Copy out each line of the material in which the word "then" appears.
○ ○ ○ ○
(* There is a numerical constant $c>0$ such that for every even integer $n\ge 2$ and every $\alpha>0$: if $(\sigma_0,\dots,\sigma_{n-1})$ is a uniformly random permutation of the vector consisting of $n/2$ entries equal to $1$ and $n/2$ entries equal to $-1$, then \[ \mathbb{E}\left[\left(\sum_{i=0}^{n-1}\sigma_i(1-\alpha)^i\right)^2\right]\;\ge\;c\cdot\min\left\{1+\frac1\alpha,\ n^3\alpha^2\right\}. \] *)

theory Defs
  imports "HOL-Combinatorics.Permutations" Complex_Main
begin

definition balanced_vec :: "nat \<Rightarrow> nat \<Rightarrow> real" where
  "balanced_vec n j = (if j < n div 2 then 1 else -1)"

definition perm_expect :: "nat \<Rightarrow> ((nat \<Rightarrow> nat) \<Rightarrow> real) \<Rightarrow> real" where
  "perm_expect n g =
     (\<Sum>p\<in>{p. p permutes {..<n}}. g p) / real (card {p. p permutes {..<n}})"

end

theory Submission
  imports Defs
begin

text \<open>
  Write \<open>w\<^sub>i = (1 - \<alpha>)^i\<close>. The entries of the balanced vector are exchangeable with sum 0, so
  the second moment of \<open>\<Sum> \<sigma>\<^sub>i w\<^sub>i\<close> is \<open>(n \<Sum> w\<^sub>i\<^sup>2 - (\<Sum> w\<^sub>i)\<^sup>2) / (n - 1)\<close>, at least the spread
  \<open>\<Sum> (w\<^sub>i - m)\<^sup>2\<close> of the weights around their mean m. For \<open>\<alpha> \<ge> 1\<close> the pair \<open>w\<^sub>0, w\<^sub>1\<close> alone makes
  the spread large. Otherwise pairing \<open>w\<^sub>i\<close> with \<open>w\<^sub>i\<^sub>+\<^sub>k\<close>, \<open>k = n/2\<close>, bounds the spread below by
  \<open>(1 - y)\<^sup>3 / (4\<alpha>)\<close> with \<open>y = (1 - \<alpha>)^k\<close>, and Bernoulli's inequality gives
  \<open>1 - y \<ge> k\<alpha> / (1 + k\<alpha>)\<close>; the regimes \<open>k\<alpha> \<ge> 1\<close> and \<open>k\<alpha> < 1\<close> give the two terms of the minimum.
\<close>

lemma balanced_vec_square: "balanced_vec n j * balanced_vec n j = 1"
  by (simp add: balanced_vec_def)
○ ○ ○ ○
> **ANSWER TO THIS TASK**:
(* There is a numerical constant $c>0$ such that for every even integer $n\ge 2$ and every $\alpha>0$: if $(\sigma_0,\dots,\sigma_{n-1})$ is a uniformly random permutation of the vector consisting of $n/2$ entries equal to $1$ and $n/2$ entries equal to $-1$, then \[ \mathbb{E}\left[\left(\sum_{i=0}^{n-1}\sigma_i(1-\alpha)^i\right)^2\right]\;\ge\;c\cdot\min\left\{1+\frac1\alpha,\ n^3\alpha^2\right\}. \] *)
  "balanced_vec n j = (if j < n div 2 then 1 else -1)"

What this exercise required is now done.